Stored entries
(* Let $\mathbb{R}^{Nn\times Nn}_{s*}$ be the space of fourth-order tensors $\Xi=(\Xi_{\alpha i\beta j})$ ($\alpha,\beta\in\{1,\dots,N\}$, $i,j\in\{1,\dots,n\}$) satisfying $\Xi_{\alpha i\beta j}=\Xi_{\beta j\alpha i}=\Xi_{\beta i\alpha j}$. Then the relation $\Xi\le_\otimes\Theta$ is a partial ordering on $\mathbb{R}^{Nn\times Nn}_{s*}$ (reflexive, transitive and antisymmetric).
   Context: For fourth-order tensors, $\Xi\le_\otimes\Theta$ means $(\Theta-\Xi)_{\alpha i\beta j}\eta_\alpha w_i\eta_\beta w_j\ge0$ for all $\eta\in\mathbb{R}^N$ and $w\in\mathbb{R}^n$ (summation over repeated indices). *)

theory Defs
  imports Complex_Main
begin

text \<open>Fourth-order tensors Xi = (Xi_{alpha i beta j}) with alpha, beta ranging over a finite
  index type 'N (representing {1..N}) and i, j over a finite index type 'n (representing {1..n}).\<close>
type_synonym ('N, 'n) tensor4 = "'N \<Rightarrow> 'n \<Rightarrow> 'N \<Rightarrow> 'n \<Rightarrow> real"

definition sym_star :: "('N::finite, 'n::finite) tensor4 set" where
  "sym_star = {Xi. \<forall>a i b j. Xi a i b j = Xi b j a i \<and> Xi a i b j = Xi b i a j}"

definition tensor_le :: "('N::finite, 'n::finite) tensor4 \<Rightarrow> ('N, 'n) tensor4 \<Rightarrow> bool" where
  "tensor_le Xi Theta \<longleftrightarrow>
     (\<forall>(eta :: 'N \<Rightarrow> real) (w :: 'n \<Rightarrow> real).
        (\<Sum>a\<in>UNIV. \<Sum>i\<in>UNIV. \<Sum>b\<in>UNIV. \<Sum>j\<in>UNIV.
           (Theta a i b j - Xi a i b j) * eta a * w i * eta b * w j) \<ge> 0)"

end

theory Submission
  imports Defs "HOL-Library.Function_Algebras"
begin

text \<open>A tensor \<Xi> defines the quadrilinear form
  B(\<eta>, \<zeta>, w, v) = \<Sum> \<Xi>_{aibj} \<eta>_a w_i \<zeta>_b v_j, and \<Xi> \<le>_\<otimes> \<Theta> says that the diagonal
  B(\<eta>, \<eta>, w, w) of \<Xi> lies below that of \<Theta>. Reflexivity and transitivity are therefore
  inherited from the order on the reals. For antisymmetry, the symmetries of the tensors in
  \<open>sym_star\<close> make B symmetric in (\<eta>, \<zeta>) and in (w, v), so polarization in both pairs
  recovers B, and hence every entry of the tensor, from its diagonal.\<close>

definition biquad_form ::
    "('N::finite, 'n::finite) tensor4 \<Rightarrow> ('N \<Rightarrow> real) \<Rightarrow> ('N \<Rightarrow> real) \<Rightarrow> ('n \<Rightarrow> real) \<Rightarrow> ('n \<Rightarrow> real) \<Rightarrow> real"
  where "biquad_form D \<eta> \<zeta> w v =
    (\<Sum>a\<in>UNIV. \<Sum>b\<in>UNIV. \<Sum>i\<in>UNIV. \<Sum>j\<in>UNIV. D a i b j * \<eta> a * \<zeta> b * w i * v j)"

lemma biquad_form_diff:
  "biquad_form (A - B) \<eta> \<zeta> w v = biquad_form A \<eta> \<zeta> w v - biquad_form B \<eta> \<zeta> w v"
  unfolding biquad_form_def by (simp add: sum_subtractf[symmetric] left_diff_distrib)

lemma biquad_form_add:
  "biquad_form D (\<eta> + \<eta>') \<zeta> w v = biquad_form D \<eta> \<zeta> w v + biquad_form D \<eta>' \<zeta> w v"
  "biquad_form D \<eta> (\<zeta> + \<zeta>') w v = biquad_form D \<eta> \<zeta> w v + biquad_form D \<eta> \<zeta>' w v"
  "biquad_form D \<eta> \<zeta> (w + w') v = biquad_form D \<eta> \<zeta> w v + biquad_form D \<eta> \<zeta> w' v"
  "biquad_form D \<eta> \<zeta> w (v + v') = biquad_form D \<eta> \<zeta> w v + biquad_form D \<eta> \<zeta> w v'"
  unfolding biquad_form_def by (simp_all add: sum.distrib[symmetric] algebra_simps)

lemma biquad_form_unit_vectors:
  "biquad_form D (\<lambda>x. if x = a then 1 else 0) (\<lambda>x. if x = b then 1 else 0)
     (\<lambda>x. if x = i then 1 else 0) (\<lambda>x. if x = j then 1 else 0) = D a i b j"
  unfolding biquad_form_def
  by (simp add: mult.assoc[symmetric] if_distrib[of "\<lambda>x. _ * x"] sum.delta cong: if_cong)

lemma tensor_le_iff_biquad_form_le:
  "tensor_le Xi Theta \<longleftrightarrow> (\<forall>\<eta> w. biquad_form Xi \<eta> \<eta> w w \<le> biquad_form Theta \<eta> \<eta> w w)"
proof -
  have "(\<Sum>a\<in>UNIV. \<Sum>i\<in>UNIV. \<Sum>b\<in>UNIV. \<Sum>j\<in>UNIV.
          (Theta a i b j - Xi a i b j) * \<eta> a * w i * \<eta> b * w j)
      = biquad_form (Theta - Xi) \<eta> \<eta> w w" for \<eta> w
    unfolding biquad_form_def
    by (rule sum.cong[OF refl], subst sum.swap) (simp add: mult_ac)
  then show ?thesis
    unfolding tensor_le_def biquad_form_diff by simp
qed

lemma sym_star_swaps:
  assumes "D \<in> sym_star"
  shows "D b j a i = D a i b j" and "D b i a j = D a i b j" and "D a j b i = D a i b j"
proof -
  have sym: "D a i b j = D b j a i" "D a i b j = D b i a j" for a i b j
    using assms unfolding sym_star_def by blast+
  show "D b j a i = D a i b j" "D b i a j = D a i b j"
    using sym[of a i b j] by simp_all
  show "D a j b i = D a i b j"
    using sym(1)[of a i b j] sym(2)[of b j a i] by simp
qed

lemma sym_star_diff:
  assumes "A \<in> sym_star" and "B \<in> sym_star"
  shows "A - B \<in> sym_star"
  unfolding sym_star_def
  using sym_star_swaps(1,2)[OF assms(1)] sym_star_swaps(1,2)[OF assms(2)] by simp

lemma biquad_form_commute_N:
  assumes "D \<in> sym_star"
  shows "biquad_form D \<zeta> \<eta> w v = biquad_form D \<eta> \<zeta> w v"
  unfolding biquad_form_def
  by (subst sum.swap) (simp add: sym_star_swaps[OF assms] mult_ac)

lemma biquad_form_commute_n:
  assumes "D \<in> sym_star"
  shows "biquad_form D \<eta> \<zeta> v w = biquad_form D \<eta> \<zeta> w v"
proof -
  have "(\<Sum>i\<in>UNIV. \<Sum>j\<in>UNIV. D a i b j * \<eta> a * \<zeta> b * v i * w j)
      = (\<Sum>i\<in>UNIV. \<Sum>j\<in>UNIV. D a i b j * \<eta> a * \<zeta> b * w i * v j)" for a b
    by (subst sum.swap) (simp add: sym_star_swaps[OF assms] mult_ac)
  then show ?thesis
    unfolding biquad_form_def by simp
qed

lemma sym_star_eq_0_if_biquad_form_diag_0:
  assumes D: "D \<in> sym_star" and diag: "\<And>\<eta> w. biquad_form D \<eta> \<eta> w w = 0"
  shows "D = 0"
proof -
  have polar_\<eta>: "biquad_form D \<eta> \<zeta> w w = 0" for \<eta> \<zeta> w
    using diag[of "\<eta> + \<zeta>" w] diag[of \<eta> w] diag[of \<zeta> w]
    by (simp add: biquad_form_add biquad_form_commute_N[OF D, of \<zeta> \<eta>])
  have polar: "biquad_form D \<eta> \<zeta> w v = 0" for \<eta> \<zeta> w v
    using polar_\<eta>[of \<eta> \<zeta> "w + v"] polar_\<eta>[of \<eta> \<zeta> w] polar_\<eta>[of \<eta> \<zeta> v]
    by (simp add: biquad_form_add biquad_form_commute_n[OF D, of \<eta> \<zeta> v w])
  show ?thesis
    using polar biquad_form_unit_vectors[of D] by (intro ext) simp
qed

lemma tensor_le_refl: "tensor_le Xi Xi"
  by (simp add: tensor_le_iff_biquad_form_le)

lemma tensor_le_trans: "tensor_le Xi Psi \<Longrightarrow> tensor_le Psi Theta \<Longrightarrow> tensor_le Xi Theta"
  unfolding tensor_le_iff_biquad_form_le by (meson order_trans)

lemma tensor_le_antisym_on_sym_star:
  assumes "Xi \<in> sym_star" "Theta \<in> sym_star" "tensor_le Xi Theta" "tensor_le Theta Xi"
  shows "Xi = Theta"
proof -
  have "biquad_form (Theta - Xi) \<eta> \<eta> w w = 0" for \<eta> w
    using assms(3,4) by (simp add: tensor_le_iff_biquad_form_le biquad_form_diff order_antisym)
  with sym_star_diff[OF assms(2,1)] have "Theta - Xi = 0"
    by (rule sym_star_eq_0_if_biquad_form_diag_0)
  then show ?thesis
    by simp
qed

theorem corollary3:
  "partial_order_on (sym_star :: ('N::finite, 'n::finite) tensor4 set)
     {(Xi, Theta). Xi \<in> sym_star \<and> Theta \<in> sym_star \<and> tensor_le Xi Theta}"
  unfolding partial_order_on_def preorder_on_def
  by (auto intro: refl_onI transI antisymI tensor_le_refl tensor_le_trans tensor_le_antisym_on_sym_star)

end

ASSIGNMENT
Beginning at the first line of the data above, retype each line until you reach the line containing "text \<open>A tensor", and include that one too. Add nothing else.

TASK RESPONSE
(* Let $\mathbb{R}^{Nn\times Nn}_{s*}$ be the space of fourth-order tensors $\Xi=(\Xi_{\alpha i\beta j})$ ($\alpha,\beta\in\{1,\dots,N\}$, $i,j\in\{1,\dots,n\}$) satisfying $\Xi_{\alpha i\beta j}=\Xi_{\beta j\alpha i}=\Xi_{\beta i\alpha j}$. Then the relation $\Xi\le_\otimes\Theta$ is a partial ordering on $\mathbb{R}^{Nn\times Nn}_{s*}$ (reflexive, transitive and antisymmetric).
   Context: For fourth-order tensors, $\Xi\le_\otimes\Theta$ means $(\Theta-\Xi)_{\alpha i\beta j}\eta_\alpha w_i\eta_\beta w_j\ge0$ for all $\eta\in\mathbb{R}^N$ and $w\in\mathbb{R}^n$ (summation over repeated indices). *)

theory Defs
  imports Complex_Main
begin

text \<open>Fourth-order tensors Xi = (Xi_{alpha i beta j}) with alpha, beta ranging over a finite
  index type 'N (representing {1..N}) and i, j over a finite index type 'n (representing {1..n}).\<close>
type_synonym ('N, 'n) tensor4 = "'N \<Rightarrow> 'n \<Rightarrow> 'N \<Rightarrow> 'n \<Rightarrow> real"

definition sym_star :: "('N::finite, 'n::finite) tensor4 set" where
  "sym_star = {Xi. \<forall>a i b j. Xi a i b j = Xi b j a i \<and> Xi a i b j = Xi b i a j}"

definition tensor_le :: "('N::finite, 'n::finite) tensor4 \<Rightarrow> ('N, 'n) tensor4 \<Rightarrow> bool" where
  "tensor_le Xi Theta \<longleftrightarrow>
     (\<forall>(eta :: 'N \<Rightarrow> real) (w :: 'n \<Rightarrow> real).
        (\<Sum>a\<in>UNIV. \<Sum>i\<in>UNIV. \<Sum>b\<in>UNIV. \<Sum>j\<in>UNIV.
           (Theta a i b j - Xi a i b j) * eta a * w i * eta b * w j) \<ge> 0)"

end

theory Submission
  imports Defs "HOL-Library.Function_Algebras"
begin

text \<open>A tensor \<Xi> defines the quadrilinear form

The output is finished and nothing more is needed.